:: WORK TO COMPLETE ::
Look for the word "assumes" in the entries and copy each line where it appears.

-=-=-=-=-

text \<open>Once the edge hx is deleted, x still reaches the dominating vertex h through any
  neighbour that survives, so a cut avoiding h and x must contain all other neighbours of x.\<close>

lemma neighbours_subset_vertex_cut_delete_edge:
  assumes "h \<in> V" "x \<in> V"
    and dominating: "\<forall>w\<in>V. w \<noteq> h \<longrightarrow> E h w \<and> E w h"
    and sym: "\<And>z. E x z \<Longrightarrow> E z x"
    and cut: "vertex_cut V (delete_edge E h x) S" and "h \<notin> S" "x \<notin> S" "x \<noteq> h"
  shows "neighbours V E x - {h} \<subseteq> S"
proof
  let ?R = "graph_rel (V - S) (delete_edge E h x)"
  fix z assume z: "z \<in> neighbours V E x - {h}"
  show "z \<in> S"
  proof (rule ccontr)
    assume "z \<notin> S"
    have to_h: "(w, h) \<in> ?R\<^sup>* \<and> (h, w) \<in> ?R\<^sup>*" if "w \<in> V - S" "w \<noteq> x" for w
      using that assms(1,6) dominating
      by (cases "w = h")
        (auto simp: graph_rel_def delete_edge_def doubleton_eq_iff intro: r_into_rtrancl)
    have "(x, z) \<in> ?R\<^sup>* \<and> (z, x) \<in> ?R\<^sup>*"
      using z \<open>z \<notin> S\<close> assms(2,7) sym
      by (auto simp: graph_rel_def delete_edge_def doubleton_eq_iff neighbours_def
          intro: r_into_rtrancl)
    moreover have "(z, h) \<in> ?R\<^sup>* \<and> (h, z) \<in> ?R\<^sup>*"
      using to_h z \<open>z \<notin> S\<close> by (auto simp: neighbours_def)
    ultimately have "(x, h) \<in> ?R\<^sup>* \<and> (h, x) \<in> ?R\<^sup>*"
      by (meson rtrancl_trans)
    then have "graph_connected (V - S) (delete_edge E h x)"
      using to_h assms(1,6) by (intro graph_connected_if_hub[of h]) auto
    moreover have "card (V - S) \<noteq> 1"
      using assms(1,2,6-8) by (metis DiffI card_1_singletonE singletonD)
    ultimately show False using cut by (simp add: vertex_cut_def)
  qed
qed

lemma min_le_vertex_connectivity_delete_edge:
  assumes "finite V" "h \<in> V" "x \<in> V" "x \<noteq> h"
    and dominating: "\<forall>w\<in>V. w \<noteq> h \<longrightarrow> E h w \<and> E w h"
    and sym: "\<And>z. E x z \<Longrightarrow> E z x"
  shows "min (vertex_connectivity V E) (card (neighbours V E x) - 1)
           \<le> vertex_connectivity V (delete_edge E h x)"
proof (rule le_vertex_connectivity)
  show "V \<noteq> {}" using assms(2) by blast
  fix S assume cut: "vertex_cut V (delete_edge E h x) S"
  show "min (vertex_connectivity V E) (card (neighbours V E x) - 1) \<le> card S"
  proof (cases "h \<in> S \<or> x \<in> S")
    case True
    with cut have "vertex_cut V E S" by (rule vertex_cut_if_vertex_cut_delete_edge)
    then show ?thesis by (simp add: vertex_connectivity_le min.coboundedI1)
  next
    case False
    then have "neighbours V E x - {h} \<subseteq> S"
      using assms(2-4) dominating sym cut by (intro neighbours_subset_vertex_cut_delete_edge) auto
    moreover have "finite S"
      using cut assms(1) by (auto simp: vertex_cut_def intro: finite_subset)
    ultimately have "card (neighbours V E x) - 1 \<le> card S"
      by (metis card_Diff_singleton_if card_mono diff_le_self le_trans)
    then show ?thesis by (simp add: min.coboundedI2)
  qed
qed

-=-=-=-=-

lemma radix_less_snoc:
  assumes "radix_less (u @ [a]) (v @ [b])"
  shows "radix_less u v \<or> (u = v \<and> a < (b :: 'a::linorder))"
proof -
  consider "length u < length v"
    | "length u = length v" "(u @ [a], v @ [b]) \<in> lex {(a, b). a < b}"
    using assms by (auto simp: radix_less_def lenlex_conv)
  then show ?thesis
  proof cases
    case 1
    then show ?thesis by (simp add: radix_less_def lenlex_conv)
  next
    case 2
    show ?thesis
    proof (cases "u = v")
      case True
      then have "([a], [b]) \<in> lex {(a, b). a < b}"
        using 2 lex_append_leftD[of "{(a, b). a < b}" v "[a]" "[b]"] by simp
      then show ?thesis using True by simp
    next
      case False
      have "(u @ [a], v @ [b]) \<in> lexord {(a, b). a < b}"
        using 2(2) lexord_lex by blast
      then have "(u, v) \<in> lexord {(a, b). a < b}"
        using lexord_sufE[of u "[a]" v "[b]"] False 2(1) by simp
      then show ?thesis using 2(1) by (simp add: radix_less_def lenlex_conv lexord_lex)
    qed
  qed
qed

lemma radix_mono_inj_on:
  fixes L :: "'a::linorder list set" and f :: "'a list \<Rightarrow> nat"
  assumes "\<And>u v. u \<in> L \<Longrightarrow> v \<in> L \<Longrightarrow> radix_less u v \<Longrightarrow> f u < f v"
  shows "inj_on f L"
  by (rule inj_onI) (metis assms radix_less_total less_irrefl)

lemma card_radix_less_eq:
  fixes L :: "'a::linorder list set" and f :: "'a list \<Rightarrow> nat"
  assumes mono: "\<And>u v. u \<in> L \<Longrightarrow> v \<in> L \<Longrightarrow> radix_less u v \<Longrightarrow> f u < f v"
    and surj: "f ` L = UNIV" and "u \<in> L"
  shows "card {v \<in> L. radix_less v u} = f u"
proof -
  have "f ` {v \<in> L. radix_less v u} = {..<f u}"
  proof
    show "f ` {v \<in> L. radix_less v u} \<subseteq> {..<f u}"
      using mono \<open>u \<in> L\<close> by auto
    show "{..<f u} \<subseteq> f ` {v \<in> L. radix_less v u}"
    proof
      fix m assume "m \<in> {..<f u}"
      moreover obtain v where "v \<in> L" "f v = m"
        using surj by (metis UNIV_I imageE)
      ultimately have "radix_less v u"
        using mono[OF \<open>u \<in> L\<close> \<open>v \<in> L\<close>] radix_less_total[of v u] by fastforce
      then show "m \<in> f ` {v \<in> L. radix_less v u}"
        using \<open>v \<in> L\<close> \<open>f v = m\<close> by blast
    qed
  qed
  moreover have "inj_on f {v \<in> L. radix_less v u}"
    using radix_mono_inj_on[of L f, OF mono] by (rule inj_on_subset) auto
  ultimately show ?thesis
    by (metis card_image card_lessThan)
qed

-=-=-=-=-

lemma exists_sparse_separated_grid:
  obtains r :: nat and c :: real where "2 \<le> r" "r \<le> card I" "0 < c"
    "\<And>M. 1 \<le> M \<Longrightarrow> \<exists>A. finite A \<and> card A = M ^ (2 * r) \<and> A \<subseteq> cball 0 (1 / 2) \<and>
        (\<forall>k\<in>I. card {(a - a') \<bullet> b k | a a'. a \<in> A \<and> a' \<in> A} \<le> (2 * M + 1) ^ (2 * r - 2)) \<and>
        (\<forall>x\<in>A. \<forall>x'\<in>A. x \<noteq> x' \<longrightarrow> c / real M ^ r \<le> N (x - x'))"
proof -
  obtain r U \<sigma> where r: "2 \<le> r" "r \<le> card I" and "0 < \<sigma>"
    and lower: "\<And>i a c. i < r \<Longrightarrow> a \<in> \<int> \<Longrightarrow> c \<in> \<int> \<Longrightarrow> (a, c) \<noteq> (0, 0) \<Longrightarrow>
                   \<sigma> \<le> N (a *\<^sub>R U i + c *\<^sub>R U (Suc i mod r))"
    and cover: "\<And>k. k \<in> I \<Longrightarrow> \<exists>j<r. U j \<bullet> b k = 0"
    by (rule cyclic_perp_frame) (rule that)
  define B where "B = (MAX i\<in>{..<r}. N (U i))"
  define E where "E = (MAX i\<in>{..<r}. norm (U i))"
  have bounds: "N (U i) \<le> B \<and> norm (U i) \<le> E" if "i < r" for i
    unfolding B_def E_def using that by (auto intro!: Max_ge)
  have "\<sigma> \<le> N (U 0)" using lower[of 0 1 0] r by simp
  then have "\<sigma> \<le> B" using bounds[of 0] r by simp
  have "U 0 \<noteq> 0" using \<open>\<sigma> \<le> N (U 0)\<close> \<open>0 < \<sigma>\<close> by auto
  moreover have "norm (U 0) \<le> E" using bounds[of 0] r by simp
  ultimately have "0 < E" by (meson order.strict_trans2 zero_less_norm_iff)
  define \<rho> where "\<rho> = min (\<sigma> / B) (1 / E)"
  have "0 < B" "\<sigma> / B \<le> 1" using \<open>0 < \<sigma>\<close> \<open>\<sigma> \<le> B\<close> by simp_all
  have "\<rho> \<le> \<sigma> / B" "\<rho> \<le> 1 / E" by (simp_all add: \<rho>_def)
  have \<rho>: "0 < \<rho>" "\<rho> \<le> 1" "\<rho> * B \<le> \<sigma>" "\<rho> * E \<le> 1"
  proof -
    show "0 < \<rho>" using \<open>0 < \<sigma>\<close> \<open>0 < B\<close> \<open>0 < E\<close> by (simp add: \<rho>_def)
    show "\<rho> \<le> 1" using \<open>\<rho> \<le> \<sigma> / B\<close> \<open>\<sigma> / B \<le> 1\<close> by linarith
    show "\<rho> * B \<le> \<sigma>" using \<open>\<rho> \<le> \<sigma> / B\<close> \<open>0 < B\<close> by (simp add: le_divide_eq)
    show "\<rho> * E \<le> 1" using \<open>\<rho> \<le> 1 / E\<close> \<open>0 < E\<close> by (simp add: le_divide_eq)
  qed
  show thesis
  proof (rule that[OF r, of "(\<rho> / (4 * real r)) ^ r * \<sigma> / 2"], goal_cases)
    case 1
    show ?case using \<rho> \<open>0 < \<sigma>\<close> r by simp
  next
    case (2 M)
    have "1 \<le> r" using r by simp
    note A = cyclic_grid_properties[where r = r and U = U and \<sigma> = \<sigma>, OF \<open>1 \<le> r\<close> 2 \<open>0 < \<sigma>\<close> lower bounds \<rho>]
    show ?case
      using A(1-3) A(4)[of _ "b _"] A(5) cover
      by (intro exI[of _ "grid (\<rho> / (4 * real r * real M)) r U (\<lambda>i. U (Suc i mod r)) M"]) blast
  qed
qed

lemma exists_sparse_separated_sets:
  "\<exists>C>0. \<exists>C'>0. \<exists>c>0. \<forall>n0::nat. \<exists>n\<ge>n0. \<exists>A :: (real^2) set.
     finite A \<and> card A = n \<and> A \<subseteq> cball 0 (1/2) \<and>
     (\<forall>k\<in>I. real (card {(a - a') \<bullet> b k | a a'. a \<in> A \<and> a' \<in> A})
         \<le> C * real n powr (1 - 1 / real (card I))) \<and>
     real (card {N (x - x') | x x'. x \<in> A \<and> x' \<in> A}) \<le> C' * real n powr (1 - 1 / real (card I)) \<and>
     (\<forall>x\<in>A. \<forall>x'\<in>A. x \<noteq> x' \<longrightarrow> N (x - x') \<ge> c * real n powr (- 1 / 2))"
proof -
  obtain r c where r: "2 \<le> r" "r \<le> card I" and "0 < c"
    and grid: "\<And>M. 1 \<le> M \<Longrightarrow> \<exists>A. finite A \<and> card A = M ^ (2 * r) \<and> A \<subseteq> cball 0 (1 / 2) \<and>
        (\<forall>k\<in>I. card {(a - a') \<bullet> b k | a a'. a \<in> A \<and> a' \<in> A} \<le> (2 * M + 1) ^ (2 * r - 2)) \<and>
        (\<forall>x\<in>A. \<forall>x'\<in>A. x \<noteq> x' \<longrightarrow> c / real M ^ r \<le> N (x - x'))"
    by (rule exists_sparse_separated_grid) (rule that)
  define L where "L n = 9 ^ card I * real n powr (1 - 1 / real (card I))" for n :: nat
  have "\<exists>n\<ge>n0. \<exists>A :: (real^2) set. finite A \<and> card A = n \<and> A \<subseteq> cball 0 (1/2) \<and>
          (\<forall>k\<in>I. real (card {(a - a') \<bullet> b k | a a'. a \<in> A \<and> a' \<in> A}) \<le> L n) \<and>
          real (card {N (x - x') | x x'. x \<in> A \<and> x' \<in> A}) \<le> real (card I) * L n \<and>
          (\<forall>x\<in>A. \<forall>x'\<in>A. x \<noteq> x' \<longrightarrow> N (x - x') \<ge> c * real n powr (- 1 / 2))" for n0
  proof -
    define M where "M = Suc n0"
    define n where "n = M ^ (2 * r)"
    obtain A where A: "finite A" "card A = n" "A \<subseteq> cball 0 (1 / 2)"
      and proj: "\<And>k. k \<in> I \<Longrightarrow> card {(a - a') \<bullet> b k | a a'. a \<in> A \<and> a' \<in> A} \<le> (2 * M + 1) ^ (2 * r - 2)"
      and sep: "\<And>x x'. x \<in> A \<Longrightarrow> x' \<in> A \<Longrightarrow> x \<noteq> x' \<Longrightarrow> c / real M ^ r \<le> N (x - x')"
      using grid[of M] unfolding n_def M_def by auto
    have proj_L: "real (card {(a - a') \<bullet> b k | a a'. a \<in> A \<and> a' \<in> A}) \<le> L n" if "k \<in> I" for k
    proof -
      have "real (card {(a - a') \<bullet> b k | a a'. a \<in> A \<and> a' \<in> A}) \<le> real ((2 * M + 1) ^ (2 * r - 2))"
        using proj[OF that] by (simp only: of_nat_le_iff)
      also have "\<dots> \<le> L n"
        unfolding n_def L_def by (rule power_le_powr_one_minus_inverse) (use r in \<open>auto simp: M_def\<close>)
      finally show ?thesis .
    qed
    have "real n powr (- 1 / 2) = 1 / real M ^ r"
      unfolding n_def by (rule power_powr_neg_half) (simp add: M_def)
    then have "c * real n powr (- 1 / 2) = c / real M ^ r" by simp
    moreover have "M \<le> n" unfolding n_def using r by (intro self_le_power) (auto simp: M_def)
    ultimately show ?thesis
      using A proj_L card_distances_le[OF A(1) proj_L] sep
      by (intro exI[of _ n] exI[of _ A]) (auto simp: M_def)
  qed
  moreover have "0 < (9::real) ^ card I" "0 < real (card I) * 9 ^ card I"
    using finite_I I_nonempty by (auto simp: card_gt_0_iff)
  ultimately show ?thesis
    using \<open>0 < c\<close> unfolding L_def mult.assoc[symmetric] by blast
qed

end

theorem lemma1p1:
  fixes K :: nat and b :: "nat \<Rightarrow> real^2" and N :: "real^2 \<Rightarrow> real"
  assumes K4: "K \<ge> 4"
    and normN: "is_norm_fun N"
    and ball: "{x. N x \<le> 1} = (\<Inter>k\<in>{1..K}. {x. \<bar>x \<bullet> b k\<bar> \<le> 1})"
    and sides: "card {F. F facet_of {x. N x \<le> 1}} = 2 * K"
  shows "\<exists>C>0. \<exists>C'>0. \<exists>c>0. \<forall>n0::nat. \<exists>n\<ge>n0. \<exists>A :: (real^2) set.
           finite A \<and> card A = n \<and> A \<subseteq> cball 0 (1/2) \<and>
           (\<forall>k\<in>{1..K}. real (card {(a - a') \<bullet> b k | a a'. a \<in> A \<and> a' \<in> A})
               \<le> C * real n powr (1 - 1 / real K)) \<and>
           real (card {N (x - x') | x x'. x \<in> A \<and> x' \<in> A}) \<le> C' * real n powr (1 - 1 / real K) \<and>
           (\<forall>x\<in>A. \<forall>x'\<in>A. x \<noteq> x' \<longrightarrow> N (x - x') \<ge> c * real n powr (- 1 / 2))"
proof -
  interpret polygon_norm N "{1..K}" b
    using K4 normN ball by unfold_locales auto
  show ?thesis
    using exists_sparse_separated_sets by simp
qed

-=-=-=-=-

:: YOUR RESPONSE ::
  assumes "h \<in> V" "x \<in> V"
  assumes "finite V" "h \<in> V" "x \<in> V" "x \<noteq> h"
  assumes "radix_less (u @ [a]) (v @ [b])"
  assumes "\<And>u v. u \<in> L \<Longrightarrow> v \<in> L \<Longrightarrow> radix_less u v \<Longrightarrow> f u < f v"
  assumes mono: "\<And>u v. u \<in> L \<Longrightarrow> v \<in> L \<Longrightarrow> radix_less u v \<Longrightarrow> f u < f v"
  assumes K4: "K \<ge> 4"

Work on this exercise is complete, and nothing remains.